# Dog attack on the street



## Chris Michalek (Feb 13, 2008)

My wife went out for a walk last night. Of all dogs, she wanted to take the puppy out with her to look at lights and meet some people. I told her that I thought we were going to work the puppy and our male rottie so she went out with our rescue Rottie.

About 30 minutes later I get a call. There was a loose Shepherd of some kind (Aussie??)that came and circled her and the dog then attacked our dog. Our dog will not fight, she way too nervy. All she tried to do was escape, my wife let's go of the leash and our dog runs up into somebody's yard and the Shepherd chased her up there and its beating on her in neighbor's doorway. The owner of the house comes out and pulls a Jeff Oehlson and starts whacking away at the Shepherd with a broom and it runs off. 

Geez, I hate to think what would have happened if my wife had the puppy with her. I hate to think what would have happened if she had our male rottie with her. I think the pup would have been killed and I think the other dog would have been severely hurt if the male were out. 

As it stands, I now have an injured dog with several punctures in the shoulder and top of the neck. I don't have a clue who's dog it is but I'll be going for a few walks this weekend and hopefully I'll find out.

My is not versed in conflict of any kind. She wouldn't know how to break up a fight without the possibility of getting hurt. I'm inclined to always have her take the male out with her or carry an asp. The male is very controlable and will have no issues with defending himself or my wife. An asp makes a good dog whacker in that case.

Is there a better solution to this potential hazzard?


----------



## David Frost (Mar 29, 2006)

Luckily there was someone that thought quick enough to "pull a Jeff" on the dog. That incident alone could have ended a lot worse. While an Asp does make a good striking weapon, it's still too close for my taste. A dose of OC has a bit more range on it and can be very effective.

DFrost


----------



## Chris Michalek (Feb 13, 2008)

OC??? I can't figure out what that is.


----------



## Laura Bollschweiler (Apr 25, 2008)

Chris Michalek said:


> OC??? I can't figure out what that is.


Oleoresin Capsicum (Pepper Spray)

Laura


----------



## Lee H Sternberg (Jan 27, 2008)

Chris, I carry one or the other on every walk I take. Check out the laws in your state before you buy.

In Idaho the baton can't be concealed. Mace is no problem.


----------



## Courtney Guthrie (Oct 30, 2007)

Get her some pepper spray and don't let her take the dogs out with her since she can't break up a fight and panics. What would've happened shpuld your dog got hit by a car because she dropped the leash??? 

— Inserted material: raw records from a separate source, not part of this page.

lemma valid_idx_finite_card:
  "finite {xs. valid_idx dims xs} \<and> card {xs. valid_idx dims xs} = prod_list dims"
proof (induction dims)
  case Nil
  then show ?case by (simp add: valid_idx_def)
next
  case (Cons d ds)
  have "{xs. valid_idx (d # ds) xs} = (\<lambda>(x, ys). x # ys) ` ({..<d} \<times> {ys. valid_idx ds ys})"
    by (auto simp: valid_idx_Cons)
  moreover have "inj_on (\<lambda>(x, ys). x # ys) ({..<d} \<times> {ys. valid_idx ds ys})"
    by (auto simp: inj_on_def)
  ultimately show ?case
    using Cons by (simp add: card_image card_cartesian_product)
qed

text \<open>With at least two modes some factor-matrix entry A(k)(i_k, r) is an operand, and it
  determines r.\<close>
lemma prod_args_inj:
  assumes "length dims \<ge> 2" "n < length dims"
    and "prod_args dims n idx r = prod_args dims n idx' r'"
  shows "idx = idx' \<and> r = r'"
proof -
  define k :: nat where "k = (if n = 0 then 1 else 0)"
  have "k < length dims" "k \<noteq> n" using assms(1) by (auto simp: k_def)
  then have "Inp (AIn k (idx ! k) r) \<in> set (prod_args dims n idx' r')"
    using assms(3)[symmetric] by (auto simp: prod_args_def)
  then show ?thesis
    using assms(3) by (auto simp: prod_args_def)
qed

lemma finite_products: "finite (products dims n i r)"
proof -
  have "products dims n i r \<subseteq> (\<lambda>idx. Mul (prod_args dims n idx r)) ` {idx. valid_idx dims idx}"
    by (auto simp: products_def)
  then show ?thesis using valid_idx_finite_card finite_subset by blast
qed

lemma products_disjoint:
  assumes "length dims \<ge> 2" "n < length dims"
    and "e \<in> products dims n i r" "e \<in> products dims n i' r'"
  shows "i = i' \<and> r = r'"
  using assms prod_args_inj[OF assms(1,2)] by (auto simp: products_def)

definition segment_mul_bound :: "nat \<Rightarrow> nat \<Rightarrow> real" where
  "segment_mul_bound M N = (3 * real M) powr (1 - 1 / real N) * (3 * real M) / real N"

lemma segment_mul_bound_eq:
  assumes "N \<ge> 1"
  shows "segment_mul_bound M N = 3 powr (2 - 1 / real N) * real M powr (1 - 1 / real N) * real M / real N"
proof -
  have "3 powr (2 - 1 / real N) = 3 * 3 powr (1 - 1 / real N)"
    using powr_add[of 3 1 "1 - 1 / real N"] by simp
  then show ?thesis
    by (simp add: segment_mul_bound_def powr_mult)
qed

lemma io_ge_of_le_segments:
  fixes P io :: real
  assumes "M > 0" "N \<ge> 1" and P: "P \<le> (io / real M + 1) * segment_mul_bound M N"
  shows "io \<ge> 1 / 3 powr (2 - 1 / real N) * (real N * P) / real M powr (1 - 1 / real N) - real M"
proof -
  let ?G = "segment_mul_bound M N"
  have "?G > 0"
    using assms by (simp add: segment_mul_bound_def)
  then have "real M * (P / ?G) \<le> real M * (io / real M + 1)"
    using P \<open>M > 0\<close> by (intro mult_left_mono) (simp_all add: pos_divide_le_eq)
  also have "\<dots> = io + real M"
    using \<open>M > 0\<close> by (simp add: field_simps)
  also have "real M * (P / ?G) = 1 / 3 powr (2 - 1 / real N) * (real N * P) / real M powr (1 - 1 / real N)"
    using assms by (simp add: segment_mul_bound_eq field_simps)
  finally show ?thesis by simp
qed

locale mttkrp_run =
  fixes dims :: "nat list" and n R M :: nat and prog :: "instr list"
  assumes two_modes: "length dims \<ge> 2" and mode: "n < length dims"
    and alg: "mttkrp_alg dims n R M prog"

sublocale mttkrp_run \<subseteq> program_run M prog "inputs dims n R"
  using alg by unfold_locales (auto simp: mttkrp_alg_def)

context mttkrp_run
begin

definition iter_points :: "(nat list \<times> nat) set" where
  "iter_points = {idx. valid_idx dims idx} \<times> {..<R}"

definition mul_args :: "nat list \<times> nat \<Rightarrow> val list" where
  "mul_args q = prod_args dims n (fst q) (snd q)"

definition mul_time :: "nat list \<times> nat \<Rightarrow> nat" where
  "mul_time q = (THE j. j < length prog \<and> prog ! j = MulOp (mul_args q))"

Give her a lesson in breaking up a fight or at least how to stay in control of your dog. Just what the world needs another person's rottie attacking a poor poor uncontrolled off leash dog. Not worth the risk of having your dog targeted IMHO. 

courtney

Courtney


----------



## Chris Michalek (Feb 13, 2008)

Lee H Sternberg said:


> Chris, I carry one or the other on every walk I take. Check out the laws in your state before you buy.
> 
> In Idaho the baton can't be concealed. Mace is no problem.



She's just going to walk two Rotts at the same time. Usually there isn't an issue with loose dogs in the neighborhood and our male or other female can fend off another dog.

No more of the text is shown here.